In the records below, find each line containing the word "forall" and copy it.

(Collected data entries)
---
(* Let $\mathcal{P}=(\mathcal{R},\mathcal{F},\mathcal{D},\mathcal{B})$ be a ground Capacity Logic Program, let $W^{\mathcal{D}}_{\mathcal{P}}$ be its set of belief worlds and $\xi^{\mathcal{B}}:\mathbb{P}(W^{\mathcal{D}}_{\mathcal{P}})\to\mathbb{R}^2$ the capacity for sets of belief worlds. Then both $$(W^{\mathcal{D}}_{\mathcal{P}},\ \mathbb{P}(W^{\mathcal{D}}_{\mathcal{P}}),\ \mathrm{proj}_B\circ\xi^{\mathcal{B}})\quad\text{and}\quad (W^{\mathcal{D}}_{\mathcal{P}},\ \mathbb{P}(W^{\mathcal{D}}_{\mathcal{P}}),\ \mathrm{proj}_P\circ\xi^{\mathcal{B}})$$ are normalized capacity spaces; i.e. each of $\mathrm{proj}_B\circ\xi^{\mathcal{B}}$ and $\mathrm{proj}_P\circ\xi^{\mathcal{B}}$ is a capacity on $\mathbb{P}(W^{\mathcal{D}}_{\mathcal{P}})$ and takes the value $1$ on $W^{\mathcal{D}}_{\mathcal{P}}$.
   Context: All sets are finite; there are no function symbols. Capacity: for a finite nonempty set $X$, a capacity is a function $\xi:\mathbb{P}(X)\to[0,1]$ with $\xi(\emptyset)=0$ and $A\subseteq B\Rightarrow \xi(A)\le\xi(B)$; it is normalized if $\xi(X)=1$. A (normalized) capacity space is a triple $(X,\mathbb{P}(X),\xi)$ with $\xi$ a (normalized) capacity. Belief domains: a belief domain $D$ has a finite nonempty frame of discernment $X_D$ and a mass function $\mathit{mass}(D,\cdot):\mathbb{P}(X_D)\to\mathbb{R}$ with $\mathit{mass}(D,\emptyset)=0$, $\mathit{mass}(D,A)\ge 0$ for all $A$, and $\sum_{A\subseteq X_D}\mathit{mass}(D,A)=1$. For $A\subseteq X_D$: $\mathit{Belief}(D,A)=\sum_{B\subseteq A}\mathit{mass}(D,B)$ and $\mathit{Plaus}(D,A)=1-\mathit{Belief}(D,X_D\setminus A)$. Subsets of $X_D$ are called belief events of $D$. Capacity Logic Program (CaLP): a tuple $\mathcal{P}=(\mathcal{R},\mathcal{F},\mathcal{D},\mathcal{B})$ where $\mathcal{R}$ is a finite set of ground rules, $\mathcal{F}$ is a finite set of ground probabilistic facts $p::f$ ($p\in[0,1]$, $f$ a ground atom), $\mathcal{D}$ is a finite set of belief domains, and $\mathcal{B}$ is the set of all ground belief facts $\mathit{belief}(D,B)$ with $D\in\mathcal{D}$ and $B\subseteq X_D$. A negated belief fact $\neg\,\mathit{belief}(D,B)$ is identified with $\mathit{belief}(D,X_D\setminus B)$, written $\mathit{belief}(D,\neg B)$. Canonicalization: for a set $Bel$ of belief facts, $\mathrm{doms}(Bel)$ is the set of domains occurring in it, and $\mathrm{canon}(Bel)=\{\mathit{belief}(D,\bigcap_{\mathit{belief}(D,B_i)\in Bel}B_i)\mid D\in\mathrm{doms}(Bel)\}$. $Bel$ is consistent if $\mathrm{canon}(Bel)$ contains no fact whose event is $\emptyset$. Belief worlds: a belief world of $\mathcal{P}$ is a tuple $w=(\mathcal{R},\mathcal{F}',\mathcal{D},\mathcal{B}')$ with $\mathcal{F}'\subseteq\mathcal{F}$ and $\mathcal{B}'\subseteq\mathcal{B}$ a consistent, canonical ($\mathrm{canon}(\mathcal{B}')=\mathcal{B}'$) set containing a belief fact for every domain in $\mathcal{D}$ (hence exactly one per domain). $W^{\mathcal{D}}_{\mathcal{P}}$ is the set of all belief worlds. Interval arithmetic: for nonnegative intervals, $[a,b]\,\widehat{\times}\,[c,d]=[ac,bd]$ and $[a,b]\,\widehat{+}\,[c,d]=[a+c,b+d]$; $\widehat{\prod}$ and $\widehat{\sum}$ are the iterated versions. Intervals are identified with elements of $\mathbb{R}^2$; $\mathrm{proj}_B([a,b])=a$ and $\mathrm{proj}_P([a,b])=b$. $\beta_{prb}$: for $\mathcal{F}'\subseteq\mathcal{F}$, $\beta_{prb}(\mathcal{F}')=\widehat{\prod}_{p::a\in\mathcal{F},\,a\in\mathcal{F}'}[p,p]\ \widehat{\times}\ \widehat{\prod}_{p::a\in\mathcal{F},\,a\notin\mathcal{F}'}[1-p,1-p]$. Upper belief domain probability: for a set $S$ of belief facts and a domain $D$, $BP^{\uparrow}(D,S)=[1,1]$ if $S$ contains no belief fact of domain $D$, and otherwise $BP^{\uparrow}(D,S)=[\mathit{Belief}(D,\bigcup B_i),\mathit{Plaus}(D,\bigcup B_i)]$ where the union ranges over all $B_i$ with $\mathit{belief}(D,B_i)\in S$. Capacity of sets of belief worlds: for $\mathcal{S}\subseteq W^{\mathcal{D}}_{\mathcal{P}}$, its domain partition $\mathrm{DomPrtn}(\mathcal{S})$ is the coarsest partition of $\mathcal{S}$ such that all worlds in a cell $S_i$ have the same set of probabilistic facts, denoted $\mathrm{probfacts}(S_i)$. For a cell $S_i$, $\beta_{prtn}(S_i)=\beta_{prb}(\mathrm{probfacts}(S_i))\ \widehat{\times}\ \widehat{\prod}_{D\in\mathcal{D}}BP^{\uparrow}\big(D,\bigcup_{(\mathcal{R},\mathcal{F}',\mathcal{D},\mathcal{B}')\in S_i}\mathcal{B}'\big)$ (so for each domain the belief events of that domain occurring in worlds of the cell are unioned), and $\xi^{\mathcal{B}}(\mathcal{S})=\widehat{\sum}_{S_i\in\mathrm{DomPrtn}(\mathcal{S})}\beta_{prtn}(S_i)$. *)

theory Defs
  imports Complex_Main
begin

definition capacity :: "'w set \<Rightarrow> ('w set \<Rightarrow> real) \<Rightarrow> bool" where
  "capacity X \<xi> \<longleftrightarrow> finite X \<and> X \<noteq> {} \<and>
     (\<forall>A \<in> Pow X. 0 \<le> \<xi> A \<and> \<xi> A \<le> 1) \<and> \<xi> {} = 0 \<and>
     (\<forall>A B. A \<subseteq> B \<and> B \<subseteq> X \<longrightarrow> \<xi> A \<le> \<xi> B)"

definition normalized_capacity :: "'w set \<Rightarrow> ('w set \<Rightarrow> real) \<Rightarrow> bool" where
  "normalized_capacity X \<xi> \<longleftrightarrow> capacity X \<xi> \<and> \<xi> X = 1"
---
▶ **Result of the task**:
     (\<forall>A \<in> Pow X. 0 \<le> \<xi> A \<and> \<xi> A \<le> 1) \<and> \<xi> {} = 0 \<and>
     (\<forall>A B. A \<subseteq> B \<and> B \<subseteq> X \<longrightarrow> \<xi> A \<le> \<xi> B)"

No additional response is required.